Question is- how will chinese supporters react to another team to whom they would lost at an Olympic event? Can we expect the very same reaction, with the chinese police doing nothing to stop them?


----------



## Harkeb (Oct 12, 2004)

Still reason to worry about the Olympics -- five reasons, actually 

Here are five reasons to worry about what lays ahead for the Beijing Games:

1) The Chinese government still doesn't get it.

The one thing the world didn't want China to do was to try to host dissent-free, showcase Olympics. But China is still attempting to do just that. Its government has been blindsided by the global protests -- and genuinely perplexed by them, suggesting a surprising lack of understanding of today's world. Its grudging offer to meet with representatives of the Dalai Lama to discuss the situation in Tibet will win it little international goodwill.
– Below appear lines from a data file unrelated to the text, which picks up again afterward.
(* Let $A_1,\dots,A_k$ be $2\times2$ real matrices with all entries strictly positive and norm $<1$, $d_i\in\mathbb R^2$, $T_i(x)=A_ix+d_i$, with $T_i(D)\subset D$ for all $i$ ($D$ the closed unit disc), and let $\mu$ be a Bernoulli measure on $\Sigma=\{1,\dots,k\}^{\mathbb N}$. Let $\lambda_{\max}=\max\{|j|_{\theta}: j\in\{1,\dots,k\},\ \theta\in\mathbb{PR}^1\}$. Then for all $\underline a\in\Sigma$, all $i,N\in\mathbb N$ and all $\theta\in\mathbb{PR}^1$, \[ H_{2^{-(i+1)N}}\big(\pi_\theta(\mu_{[a_1\cdots a_{n_i}]})\big)\ \ge\ H_{2^{\lambda_{\max}}2^{-N}}\big(\pi_{\phi_{a_{n_i}\cdots a_1}(\theta)}(\mu)\big), \] where $n_i=n_i(\underline a,N,\theta)$.
   Context: Cylinders $[a_1\cdots a_n]\subset\Sigma$ are sets of sequences beginning with $a_1\cdots a_n$; a Bernoulli measure is a product measure $p^{\mathbb N}$, and $\mu_{[w]}=\mu|_{[w]}/\mu([w])$. For $w=a_1\cdots a_n$, $D_w=T_{a_1}\circ\cdots\circ T_{a_n}(D)$, and the coding map $\Pi:\Sigma\to D$ sends $\underline a$ to $\bigcap_nD_{a_1\cdots a_n}$. For $\theta\in\mathbb{PR}^1$ (lines through the origin), $\pi_\theta$ is orthogonal projection of $D$ onto the diameter of $D$ perpendicular to $\theta$, identified isometrically with $[-1,1]$; $\pi_\theta(\nu)$ denotes push-forward of a measure $\nu$ on $\Sigma$ under $\pi_\theta\circ\Pi$. For each $j$, $\phi_j:\mathbb{PR}^1\to\mathbb{PR}^1$ sends a line $\ell$ to $A_j^{-1}(\ell)$, and $\phi_{a_n\cdots a_1}=\phi_{a_n}\circ\cdots\circ\phi_{a_1}$. The length function is $|w|_\theta=-\log_2(|\pi_\theta(D_w)|/2)$. For $\underline a\in\Sigma$, $N,j\in\mathbb N$, $n_j=n_j(\underline a,N,\theta)$ is the natural number with $|a_1\cdots a_{n_j-1}|_\theta<Nj\le|a_1\cdots a_{n_j}|_\theta$. For a probability measure $\nu$ on $[-1,1]$ and $r>0$, $H_r(\nu)=-\int\log\nu(B_r(x))\,d\nu(x)$. *)

theory Defs
  imports "HOL-Probability.Probability"
begin

(* Alphabet {1,...,k} is modelled by a finite type 'a; Sigma = nat => 'a, a_1 = a 0.
   A line theta through the origin (element of PR^1) is represented by any nonzero
   vector v :: real^2 spanning it. *)

definition unit_disc :: "(real^2) set" where
  "unit_disc = cball 0 1"

definition word :: "(nat \<Rightarrow> 'a) \<Rightarrow> nat \<Rightarrow> 'a list" where
  "word a n = map a [0..<n]"

definition cylinder :: "'a list \<Rightarrow> (nat \<Rightarrow> 'a) set" where
  "cylinder w = {b. \<forall>i<length w. b i = w ! i}"

definition Tmap :: "('a \<Rightarrow> real^2^2) \<Rightarrow> ('a \<Rightarrow> real^2) \<Rightarrow> 'a \<Rightarrow> real^2 \<Rightarrow> real^2" where
  "Tmap A d j x = A j *v x + d j"

definition Dw :: "('a \<Rightarrow> real^2^2) \<Rightarrow> ('a \<Rightarrow> real^2) \<Rightarrow> 'a list \<Rightarrow> (real^2) set" where
  "Dw A d w = foldr (\<lambda>j S. Tmap A d j ` S) w unit_disc"

definition coding :: "('a \<Rightarrow> real^2^2) \<Rightarrow> ('a \<Rightarrow> real^2) \<Rightarrow> (nat \<Rightarrow> 'a) \<Rightarrow> real^2" where
  "coding A d a = (THE x. x \<in> (\<Inter>n. Dw A d (word a n)))"

definition perp_unit :: "real^2 \<Rightarrow> real^2" where
  "perp_unit v = (1 / norm v) *\<^sub>R vector [- (v $ 2), v $ 1]"

(* pi_theta: orthogonal projection onto the diameter perpendicular to theta = span v,
   identified isometrically with [-1,1] *)
definition proj :: "real^2 \<Rightarrow> real^2 \<Rightarrow> real" where
  "proj v x = x \<bullet> perp_unit v"

definition wlen :: "('a \<Rightarrow> real^2^2) \<Rightarrow> ('a \<Rightarrow> real^2) \<Rightarrow> real^2 \<Rightarrow> 'a list \<Rightarrow> real" where
  "wlen A d v w = - log 2 (diameter (proj v ` Dw A d w) / 2)"

definition phi :: "('a \<Rightarrow> real^2^2) \<Rightarrow> 'a \<Rightarrow> real^2 \<Rightarrow> real^2" where
  "phi A j v = matrix_inv (A j) *v v"

(* phi_{a_n ... a_1} = phi_{a_n} o ... o phi_{a_1}, applied to word [a_1,...,a_n] *)
definition phiw :: "('a \<Rightarrow> real^2^2) \<Rightarrow> 'a list \<Rightarrow> real^2 \<Rightarrow> real^2" where
  "phiw A w v = fold (phi A) w v"

definition nidx :: "('a \<Rightarrow> real^2^2) \<Rightarrow> ('a \<Rightarrow> real^2) \<Rightarrow> (nat \<Rightarrow> 'a) \<Rightarrow> nat \<Rightarrow> real^2 \<Rightarrow> nat \<Rightarrow> nat" where
  "nidx A d a N v j = (LEAST n. real (N * j) \<le> wlen A d v (word a n))"

definition Hr :: "real \<Rightarrow> real measure \<Rightarrow> real" where
  "Hr r \<nu> = - (\<integral>x. ln (measure \<nu> (ball x r)) \<partial>\<nu>)"

definition proj_meas :: "('a \<Rightarrow> real^2^2) \<Rightarrow> ('a \<Rightarrow> real^2) \<Rightarrow> real^2 \<Rightarrow> (nat \<Rightarrow> 'a) measure \<Rightarrow> real measure" where
  "proj_meas A d v \<nu> = distr \<nu> borel (\<lambda>a. proj v (coding A d a))"

definition bernoulli :: "'a pmf \<Rightarrow> (nat \<Rightarrow> 'a) measure" where
  "bernoulli p = PiM UNIV (\<lambda>_. measure_pmf p)"

definition lambda_max :: "('a \<Rightarrow> real^2^2) \<Rightarrow> ('a \<Rightarrow> real^2) \<Rightarrow> real" where
  "lambda_max A d = Sup {wlen A d v [j] | j v. v \<noteq> 0}"

end

theory Submission
  imports Defs
begin

text \<open>
  Fixing the prefix w = a_1...a_n of a Bernoulli sequence, the conditional measure on the cylinder
  [w] is the image of the full measure under b \<mapsto> wb. Since coding(wb) = A_w coding(b) + d_w and
  the transpose of A_w maps the unit normal of \<theta> to a vector normal to \<phi>_w(\<theta>) of length
  2^(-|w|_\<theta>), the projection of the conditional measure onto \<theta>^\<bottom> is an affine image,
  with slope of modulus 2^(-|w|_\<theta>), of the projection of the full measure onto \<phi>_w(\<theta>)^\<bottom>.
  Rescaling by \<kappa> turns H_r into H_(r/|\<kappa>|), and H_r decreases in r. Appending one letter
  increases |.|_\<theta> by at most \<lambda>_max, so by minimality of n_i we get |a_1...a_(n_i)|_\<theta> < Ni + \<lambda>_max,
  which bounds the rescaled radius by 2^\<lambda>_max 2^(-N).
\<close>

declare transpose_matrix_vector[simp del]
2) The anti-Western backlash among the Chinese citizenry is real. 

Just as many Americans react defensively to criticism of U.S. from abroad (side order of crow with those Freedom Fries?), many Chinese bristle at what they perceive as constant China-bashing from the U.S. and Europe. This week a New York Times story quoted a poem posted on the Internet by "A Silent, Silent Chinese" and said by Chinese college students interviewed by the paper to accurately reflect their own feelings:

_When we were poor, you said we were destroying the planet.
When we tried limiting our numbers, you said it is human rights abuse.
When we were poor, you thought we were dogs.
When we loan you cash, you blame us for your debts.
When we build our industries, you called us polluters.
When we sell you goods, you blame us for global warming._

Could athletes from the U.S. or, say, France -- which has already been targeted by protesters in China for alleged anti-Beijing, pro-Dalai Lama bias -- receive a less-than-rousing welcome from Chinese fans? Especially if one of the athletes criticizes the policies of the host country? Or does something unsportsmanlike against a Chinese opponent? There is a risk that the Beijing Olympic slogan could change -- and it may already be changing -- from "One World, One Dream" to "Us Versus Them."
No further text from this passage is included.